Input records:
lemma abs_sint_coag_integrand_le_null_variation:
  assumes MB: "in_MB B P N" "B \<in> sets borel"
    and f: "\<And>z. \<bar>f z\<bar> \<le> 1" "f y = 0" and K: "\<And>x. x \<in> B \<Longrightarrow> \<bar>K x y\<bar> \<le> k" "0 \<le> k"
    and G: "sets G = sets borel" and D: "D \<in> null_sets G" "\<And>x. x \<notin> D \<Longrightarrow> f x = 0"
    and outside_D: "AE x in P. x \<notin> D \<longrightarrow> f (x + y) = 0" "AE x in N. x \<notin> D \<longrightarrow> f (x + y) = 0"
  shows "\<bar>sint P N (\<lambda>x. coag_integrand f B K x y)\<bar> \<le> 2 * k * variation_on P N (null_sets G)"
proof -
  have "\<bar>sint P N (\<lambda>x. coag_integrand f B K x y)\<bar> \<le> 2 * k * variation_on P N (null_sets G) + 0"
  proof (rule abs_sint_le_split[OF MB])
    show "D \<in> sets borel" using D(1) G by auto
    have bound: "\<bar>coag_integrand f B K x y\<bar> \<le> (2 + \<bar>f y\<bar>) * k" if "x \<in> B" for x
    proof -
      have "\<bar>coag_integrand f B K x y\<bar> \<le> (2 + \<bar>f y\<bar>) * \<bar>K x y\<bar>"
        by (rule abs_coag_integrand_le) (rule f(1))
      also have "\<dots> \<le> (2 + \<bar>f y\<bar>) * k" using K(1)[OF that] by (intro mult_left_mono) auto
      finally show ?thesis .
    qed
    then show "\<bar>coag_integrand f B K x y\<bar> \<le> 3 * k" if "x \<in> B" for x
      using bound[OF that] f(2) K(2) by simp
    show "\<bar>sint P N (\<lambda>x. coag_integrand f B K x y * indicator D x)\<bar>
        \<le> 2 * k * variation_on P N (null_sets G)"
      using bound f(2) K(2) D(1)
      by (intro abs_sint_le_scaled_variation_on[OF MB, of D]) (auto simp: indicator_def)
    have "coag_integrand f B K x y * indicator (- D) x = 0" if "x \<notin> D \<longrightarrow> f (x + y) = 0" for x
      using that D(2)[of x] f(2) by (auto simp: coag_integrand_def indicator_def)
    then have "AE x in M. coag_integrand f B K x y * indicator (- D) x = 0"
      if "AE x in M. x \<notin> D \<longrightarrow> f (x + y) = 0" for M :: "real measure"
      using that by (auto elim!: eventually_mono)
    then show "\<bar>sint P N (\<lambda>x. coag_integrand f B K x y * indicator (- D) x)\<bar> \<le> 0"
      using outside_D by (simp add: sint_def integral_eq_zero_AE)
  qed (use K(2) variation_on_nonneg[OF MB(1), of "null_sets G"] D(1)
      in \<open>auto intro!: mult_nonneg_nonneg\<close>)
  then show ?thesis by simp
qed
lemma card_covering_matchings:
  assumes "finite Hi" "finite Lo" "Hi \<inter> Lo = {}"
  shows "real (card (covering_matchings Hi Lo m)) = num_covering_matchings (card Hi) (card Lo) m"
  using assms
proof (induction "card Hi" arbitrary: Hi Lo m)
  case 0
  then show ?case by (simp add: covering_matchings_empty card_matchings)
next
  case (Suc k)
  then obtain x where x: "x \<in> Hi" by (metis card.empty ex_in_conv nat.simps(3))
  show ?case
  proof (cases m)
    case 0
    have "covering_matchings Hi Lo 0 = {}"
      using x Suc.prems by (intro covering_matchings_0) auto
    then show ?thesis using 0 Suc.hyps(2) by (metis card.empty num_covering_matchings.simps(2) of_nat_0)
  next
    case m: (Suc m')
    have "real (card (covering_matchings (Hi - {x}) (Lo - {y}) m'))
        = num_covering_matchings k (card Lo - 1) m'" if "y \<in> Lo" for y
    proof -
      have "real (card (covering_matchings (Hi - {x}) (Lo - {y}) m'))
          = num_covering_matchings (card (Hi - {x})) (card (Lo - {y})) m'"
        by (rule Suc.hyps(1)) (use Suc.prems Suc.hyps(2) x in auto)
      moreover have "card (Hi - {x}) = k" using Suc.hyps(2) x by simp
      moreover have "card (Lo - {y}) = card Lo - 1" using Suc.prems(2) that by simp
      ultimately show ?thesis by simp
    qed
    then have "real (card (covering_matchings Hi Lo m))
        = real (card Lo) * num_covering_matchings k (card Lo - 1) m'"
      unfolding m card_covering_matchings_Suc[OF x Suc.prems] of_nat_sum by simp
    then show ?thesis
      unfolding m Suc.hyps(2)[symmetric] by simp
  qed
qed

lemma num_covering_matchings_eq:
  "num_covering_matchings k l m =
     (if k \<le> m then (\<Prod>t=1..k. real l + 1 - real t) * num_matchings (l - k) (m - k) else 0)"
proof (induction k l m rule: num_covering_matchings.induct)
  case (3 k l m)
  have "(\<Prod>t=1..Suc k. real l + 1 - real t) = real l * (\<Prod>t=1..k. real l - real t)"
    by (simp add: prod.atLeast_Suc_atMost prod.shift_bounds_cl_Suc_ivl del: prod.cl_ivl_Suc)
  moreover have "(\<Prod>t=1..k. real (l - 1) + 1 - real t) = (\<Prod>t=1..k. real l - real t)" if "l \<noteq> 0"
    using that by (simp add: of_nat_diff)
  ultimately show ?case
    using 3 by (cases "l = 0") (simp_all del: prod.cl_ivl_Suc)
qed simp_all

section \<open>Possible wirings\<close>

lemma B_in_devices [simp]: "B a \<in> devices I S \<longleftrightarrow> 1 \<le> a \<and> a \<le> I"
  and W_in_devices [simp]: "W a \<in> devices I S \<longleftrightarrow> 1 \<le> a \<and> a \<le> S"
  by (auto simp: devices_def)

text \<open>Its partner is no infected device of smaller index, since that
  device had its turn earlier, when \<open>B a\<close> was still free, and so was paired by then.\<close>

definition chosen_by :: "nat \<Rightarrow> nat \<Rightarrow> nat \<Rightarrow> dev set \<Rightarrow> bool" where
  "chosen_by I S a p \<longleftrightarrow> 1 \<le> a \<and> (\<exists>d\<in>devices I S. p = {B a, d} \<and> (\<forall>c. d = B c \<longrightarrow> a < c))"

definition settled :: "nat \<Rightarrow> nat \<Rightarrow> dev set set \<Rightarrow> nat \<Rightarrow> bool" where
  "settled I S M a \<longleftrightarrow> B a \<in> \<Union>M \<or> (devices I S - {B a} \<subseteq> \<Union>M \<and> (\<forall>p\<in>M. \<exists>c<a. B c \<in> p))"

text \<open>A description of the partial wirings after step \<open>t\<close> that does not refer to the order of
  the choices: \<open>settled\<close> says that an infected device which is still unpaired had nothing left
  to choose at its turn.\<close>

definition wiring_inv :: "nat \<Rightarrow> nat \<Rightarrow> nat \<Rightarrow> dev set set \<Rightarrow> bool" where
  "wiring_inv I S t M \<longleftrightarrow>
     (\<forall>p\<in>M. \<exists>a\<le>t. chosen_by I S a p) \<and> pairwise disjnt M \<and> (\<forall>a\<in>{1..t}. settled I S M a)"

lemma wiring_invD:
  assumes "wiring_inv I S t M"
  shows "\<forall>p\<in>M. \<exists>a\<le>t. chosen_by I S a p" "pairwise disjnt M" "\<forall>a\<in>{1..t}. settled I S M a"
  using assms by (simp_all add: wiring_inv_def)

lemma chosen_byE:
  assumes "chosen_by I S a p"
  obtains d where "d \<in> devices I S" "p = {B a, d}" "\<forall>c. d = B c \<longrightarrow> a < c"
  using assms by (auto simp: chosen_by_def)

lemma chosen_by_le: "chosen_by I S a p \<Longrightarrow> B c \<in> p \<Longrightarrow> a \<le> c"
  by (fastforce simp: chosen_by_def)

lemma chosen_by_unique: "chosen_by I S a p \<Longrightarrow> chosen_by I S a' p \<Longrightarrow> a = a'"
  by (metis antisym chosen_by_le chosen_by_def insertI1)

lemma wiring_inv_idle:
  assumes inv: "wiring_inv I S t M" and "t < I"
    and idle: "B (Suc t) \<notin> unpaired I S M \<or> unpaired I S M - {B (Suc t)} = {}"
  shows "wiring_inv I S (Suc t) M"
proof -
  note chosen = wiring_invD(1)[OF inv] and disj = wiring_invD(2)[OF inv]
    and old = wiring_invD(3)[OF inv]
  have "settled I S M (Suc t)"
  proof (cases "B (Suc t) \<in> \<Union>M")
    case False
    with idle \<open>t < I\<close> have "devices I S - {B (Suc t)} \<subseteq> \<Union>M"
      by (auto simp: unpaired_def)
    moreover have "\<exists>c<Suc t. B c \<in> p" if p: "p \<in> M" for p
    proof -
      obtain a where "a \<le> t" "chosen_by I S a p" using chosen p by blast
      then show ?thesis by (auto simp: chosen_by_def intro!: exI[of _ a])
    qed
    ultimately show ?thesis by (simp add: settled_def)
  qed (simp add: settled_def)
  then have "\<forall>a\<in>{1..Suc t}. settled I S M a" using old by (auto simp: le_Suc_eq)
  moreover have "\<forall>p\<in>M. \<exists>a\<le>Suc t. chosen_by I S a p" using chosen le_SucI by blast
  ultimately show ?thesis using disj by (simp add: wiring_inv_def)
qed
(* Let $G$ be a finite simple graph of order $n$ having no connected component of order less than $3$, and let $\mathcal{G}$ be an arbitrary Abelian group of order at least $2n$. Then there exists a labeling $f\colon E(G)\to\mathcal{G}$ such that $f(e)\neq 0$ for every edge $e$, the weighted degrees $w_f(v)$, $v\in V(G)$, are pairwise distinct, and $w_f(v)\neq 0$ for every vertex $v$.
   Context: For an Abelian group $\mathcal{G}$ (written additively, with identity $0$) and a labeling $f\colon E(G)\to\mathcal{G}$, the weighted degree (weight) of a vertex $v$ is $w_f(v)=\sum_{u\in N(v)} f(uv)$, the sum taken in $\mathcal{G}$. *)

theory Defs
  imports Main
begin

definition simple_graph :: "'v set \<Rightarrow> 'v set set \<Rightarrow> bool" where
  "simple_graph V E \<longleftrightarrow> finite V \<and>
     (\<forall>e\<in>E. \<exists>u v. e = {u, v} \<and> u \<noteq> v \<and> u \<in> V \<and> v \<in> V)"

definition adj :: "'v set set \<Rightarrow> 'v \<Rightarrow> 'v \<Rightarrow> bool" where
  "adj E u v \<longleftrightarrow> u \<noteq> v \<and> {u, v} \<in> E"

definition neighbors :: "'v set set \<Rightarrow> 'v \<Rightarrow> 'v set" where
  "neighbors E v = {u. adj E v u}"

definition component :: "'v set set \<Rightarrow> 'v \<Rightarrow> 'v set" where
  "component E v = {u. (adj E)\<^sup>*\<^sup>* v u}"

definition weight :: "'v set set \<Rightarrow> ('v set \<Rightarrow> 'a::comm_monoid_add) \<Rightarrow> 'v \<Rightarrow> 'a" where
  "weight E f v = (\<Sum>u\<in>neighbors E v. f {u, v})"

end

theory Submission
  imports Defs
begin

Exercise instructions: The required answer is the exact run of lines above starting at the line with "Suc.hyps(2) x by simp" and ending at the line with "text \<open>Its partner", with both ends present.

Answer:
      moreover have "card (Hi - {x}) = k" using Suc.hyps(2) x by simp
      moreover have "card (Lo - {y}) = card Lo - 1" using Suc.prems(2) that by simp
      ultimately show ?thesis by simp
    qed
    then have "real (card (covering_matchings Hi Lo m))
        = real (card Lo) * num_covering_matchings k (card Lo - 1) m'"
      unfolding m card_covering_matchings_Suc[OF x Suc.prems] of_nat_sum by simp
    then show ?thesis
      unfolding m Suc.hyps(2)[symmetric] by simp
  qed
qed

lemma num_covering_matchings_eq:
  "num_covering_matchings k l m =
     (if k \<le> m then (\<Prod>t=1..k. real l + 1 - real t) * num_matchings (l - k) (m - k) else 0)"
proof (induction k l m rule: num_covering_matchings.induct)
  case (3 k l m)
  have "(\<Prod>t=1..Suc k. real l + 1 - real t) = real l * (\<Prod>t=1..k. real l - real t)"
    by (simp add: prod.atLeast_Suc_atMost prod.shift_bounds_cl_Suc_ivl del: prod.cl_ivl_Suc)
  moreover have "(\<Prod>t=1..k. real (l - 1) + 1 - real t) = (\<Prod>t=1..k. real l - real t)" if "l \<noteq> 0"
    using that by (simp add: of_nat_diff)
  ultimately show ?case
    using 3 by (cases "l = 0") (simp_all del: prod.cl_ivl_Suc)
qed simp_all

section \<open>Possible wirings\<close>

lemma B_in_devices [simp]: "B a \<in> devices I S \<longleftrightarrow> 1 \<le> a \<and> a \<le> I"
  and W_in_devices [simp]: "W a \<in> devices I S \<longleftrightarrow> 1 \<le> a \<and> a \<le> S"
  by (auto simp: devices_def)

text \<open>Its partner is no infected device of smaller index, since that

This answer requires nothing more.